- [WHAT THE EXERCISE ASKS]:
Copy the entries below in full, keeping them exactly as they are.

··· MATERIAL FOR THE TASK

text \<open>Fix a basis B. Since K(B - b) \<inter> B = {b}, the sets K(B - b), b \<in> B, are r distinct members
  of F(M), so always |F(M)| \<ge> r, with equality iff every K(A), A \<in> s(M), is one of them.
  If so, two elements of a basis B expanding the same A both lie in K(A) \<inter> B = K(B - b) \<inter> B = {b}.
  Conversely, under unique expansion let A \<in> s(M) and let b \<in> B be the element that expands A
  to a basis (augmentation). No other element of B does, so B - b lies in the closure of A; then
  A \<union> (B - b) has rank r - 1, which forces K(A) = K(B - b).\<close>

locale matroid_on =
  fixes E :: "'a set" and I :: "'a set set"
  assumes matroid: "matroid E I"
begin

abbreviation r :: nat where "r \<equiv> mrank E I"

lemma finite_ground: "finite E"
  and indep_subset_ground: "A \<in> I \<Longrightarrow> A \<subseteq> E"
  and empty_indep: "{} \<in> I"
  and indep_subset: "B \<in> I \<Longrightarrow> A \<subseteq> B \<Longrightarrow> A \<in> I"
  and indep_augment: "A \<in> I \<Longrightarrow> B \<in> I \<Longrightarrow> card A < card B \<Longrightarrow> \<exists>x \<in> B - A. insert x A \<in> I"
  using matroid unfolding matroid_def by blast+

lemma indep_finite: "A \<in> I \<Longrightarrow> finite A"
  using finite_subset[OF indep_subset_ground finite_ground] .

lemma finite_indeps: "finite I"
  using matroid unfolding matroid_def by (meson finite_Pow_iff finite_subset)

lemma card_le_rank_of: "J \<in> I \<Longrightarrow> J \<subseteq> X \<Longrightarrow> card J \<le> rank_of E I X"
  unfolding rank_of_def using finite_indeps by (intro Max_ge) auto

lemma rank_of_attained: obtains J where "J \<in> I" "J \<subseteq> X" "card J = rank_of E I X"
proof -
  have "card {} \<in> card ` {A. A \<in> I \<and> A \<subseteq> X}"
    using empty_indep by (intro image_eqI[where x = "{}"]) auto
  then have "rank_of E I X \<in> card ` {A. A \<in> I \<and> A \<subseteq> X}"
    unfolding rank_of_def using finite_indeps by (intro Max_in) auto
  then show thesis using that by auto
qed

lemma rank_of_le_card: "finite X \<Longrightarrow> rank_of E I X \<le> card X"
  by (metis card_mono rank_of_attained)

lemma rank_of_indep: "J \<in> I \<Longrightarrow> rank_of E I J = card J"
  using card_le_rank_of rank_of_le_card indep_finite by (meson le_antisym order_refl)

lemma rank_of_insert_le: "A \<in> I \<Longrightarrow> rank_of E I (insert e A) \<le> card A + 1"
  using rank_of_le_card[of "insert e A"] indep_finite[of A]
  by (simp add: card_insert_if split: if_splits)

lemma indep_insert_if_rank_of_insert:
  assumes AI: "A \<in> I" and rank_insert: "rank_of E I (insert a A) = card A + 1"
  shows "insert a A \<in> I" "a \<notin> A"
proof -
  obtain J where J: "J \<in> I" "J \<subseteq> insert a A" "card J = card A + 1"
    using rank_of_attained rank_insert by metis
  have "card (insert a A) \<le> card A + 1"
    using indep_finite[OF AI] by (simp add: card_insert_if)
  then have "J = insert a A"
    using J indep_finite[OF AI] card_seteq[of "insert a A" J] by auto
  then show "insert a A \<in> I" "a \<notin> A"
    using J by (auto simp: insert_absorb)
qed

lemma indep_extend_to_rank:
  assumes "A \<in> I" "A \<subseteq> X"
  obtains J where "A \<subseteq> J" "J \<subseteq> X" "J \<in> I" "card J = rank_of E I X"
proof -
  have "\<exists>J. A \<subseteq> J \<and> J \<subseteq> X \<and> J \<in> I \<and> card J = rank_of E I X"
    using assms
  proof (induction "rank_of E I X - card A" arbitrary: A rule: less_induct)
    case less
    show ?case
    proof (cases "card A < rank_of E I X")
      case False
      then have "card A = rank_of E I X" using card_le_rank_of[OF less.prems] by linarith
      then show ?thesis using less.prems by blast
    next
      case True
      obtain K where K: "K \<in> I" "K \<subseteq> X" "card K = rank_of E I X"
        using rank_of_attained .
      then obtain x where x: "x \<in> K - A" "insert x A \<in> I"
        using indep_augment[OF less.prems(1) K(1)] True by auto
      have "card (insert x A) = card A + 1"
        using x indep_finite[OF less.prems(1)] by simp
      then have "rank_of E I X - card (insert x A) < rank_of E I X - card A"
        using True by linarith
      moreover have "insert x A \<subseteq> X" using x K less.prems by auto
      ultimately obtain J where "insert x A \<subseteq> J" "J \<subseteq> X" "J \<in> I" "card J = rank_of E I X"
        using less.hyps[OF _ x(2)] by blast
      then show ?thesis by blast
    qed
  qed
  then show thesis using that by (elim exE conjE)
qed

······

- [OUTPUT OF THE TASK]:
text \<open>Fix a basis B. Since K(B - b) \<inter> B = {b}, the sets K(B - b), b \<in> B, are r distinct members
  of F(M), so always |F(M)| \<ge> r, with equality iff every K(A), A \<in> s(M), is one of them.
  If so, two elements of a basis B expanding the same A both lie in K(A) \<inter> B = K(B - b) \<inter> B = {b}.
  Conversely, under unique expansion let A \<in> s(M) and let b \<in> B be the element that expands A
  to a basis (augmentation). No other element of B does, so B - b lies in the closure of A; then
  A \<union> (B - b) has rank r - 1, which forces K(A) = K(B - b).\<close>

locale matroid_on =
  fixes E :: "'a set" and I :: "'a set set"
  assumes matroid: "matroid E I"
begin

abbreviation r :: nat where "r \<equiv> mrank E I"

lemma finite_ground: "finite E"
  and indep_subset_ground: "A \<in> I \<Longrightarrow> A \<subseteq> E"
  and empty_indep: "{} \<in> I"
  and indep_subset: "B \<in> I \<Longrightarrow> A \<subseteq> B \<Longrightarrow> A \<in> I"
  and indep_augment: "A \<in> I \<Longrightarrow> B \<in> I \<Longrightarrow> card A < card B \<Longrightarrow> \<exists>x \<in> B - A. insert x A \<in> I"
  using matroid unfolding matroid_def by blast+

lemma indep_finite: "A \<in> I \<Longrightarrow> finite A"
  using finite_subset[OF indep_subset_ground finite_ground] .

lemma finite_indeps: "finite I"
  using matroid unfolding matroid_def by (meson finite_Pow_iff finite_subset)

lemma card_le_rank_of: "J \<in> I \<Longrightarrow> J \<subseteq> X \<Longrightarrow> card J \<le> rank_of E I X"
  unfolding rank_of_def using finite_indeps by (intro Max_ge) auto

lemma rank_of_attained: obtains J where "J \<in> I" "J \<subseteq> X" "card J = rank_of E I X"
proof -
  have "card {} \<in> card ` {A. A \<in> I \<and> A \<subseteq> X}"
    using empty_indep by (intro image_eqI[where x = "{}"]) auto
  then have "rank_of E I X \<in> card ` {A. A \<in> I \<and> A \<subseteq> X}"
    unfolding rank_of_def using finite_indeps by (intro Max_in) auto
  then show thesis using that by auto
qed

lemma rank_of_le_card: "finite X \<Longrightarrow> rank_of E I X \<le> card X"
  by (metis card_mono rank_of_attained)

lemma rank_of_indep: "J \<in> I \<Longrightarrow> rank_of E I J = card J"
  using card_le_rank_of rank_of_le_card indep_finite by (meson le_antisym order_refl)

lemma rank_of_insert_le: "A \<in> I \<Longrightarrow> rank_of E I (insert e A) \<le> card A + 1"
  using rank_of_le_card[of "insert e A"] indep_finite[of A]
  by (simp add: card_insert_if split: if_splits)

lemma indep_insert_if_rank_of_insert:
  assumes AI: "A \<in> I" and rank_insert: "rank_of E I (insert a A) = card A + 1"
  shows "insert a A \<in> I" "a \<notin> A"
proof -
  obtain J where J: "J \<in> I" "J \<subseteq> insert a A" "card J = card A + 1"
    using rank_of_attained rank_insert by metis
  have "card (insert a A) \<le> card A + 1"
    using indep_finite[OF AI] by (simp add: card_insert_if)
  then have "J = insert a A"
    using J indep_finite[OF AI] card_seteq[of "insert a A" J] by auto
  then show "insert a A \<in> I" "a \<notin> A"
    using J by (auto simp: insert_absorb)
qed

lemma indep_extend_to_rank:
  assumes "A \<in> I" "A \<subseteq> X"
  obtains J where "A \<subseteq> J" "J \<subseteq> X" "J \<in> I" "card J = rank_of E I X"
proof -
  have "\<exists>J. A \<subseteq> J \<and> J \<subseteq> X \<and> J \<in> I \<and> card J = rank_of E I X"
    using assms
  proof (induction "rank_of E I X - card A" arbitrary: A rule: less_induct)
    case less
    show ?case
    proof (cases "card A < rank_of E I X")
      case False
      then have "card A = rank_of E I X" using card_le_rank_of[OF less.prems] by linarith
      then show ?thesis using less.prems by blast
    next
      case True
      obtain K where K: "K \<in> I" "K \<subseteq> X" "card K = rank_of E I X"
        using rank_of_attained .
      then obtain x where x: "x \<in> K - A" "insert x A \<in> I"
        using indep_augment[OF less.prems(1) K(1)] True by auto
      have "card (insert x A) = card A + 1"
        using x indep_finite[OF less.prems(1)] by simp
      then have "rank_of E I X - card (insert x A) < rank_of E I X - card A"
        using True by linarith
      moreover have "insert x A \<subseteq> X" using x K less.prems by auto
      ultimately obtain J where "insert x A \<subseteq> J" "J \<subseteq> X" "J \<in> I" "card J = rank_of E I X"
        using less.hyps[OF _ x(2)] by blast
      then show ?thesis by blast
    qed
  qed
  then show thesis using that by (elim exE conjE)
qed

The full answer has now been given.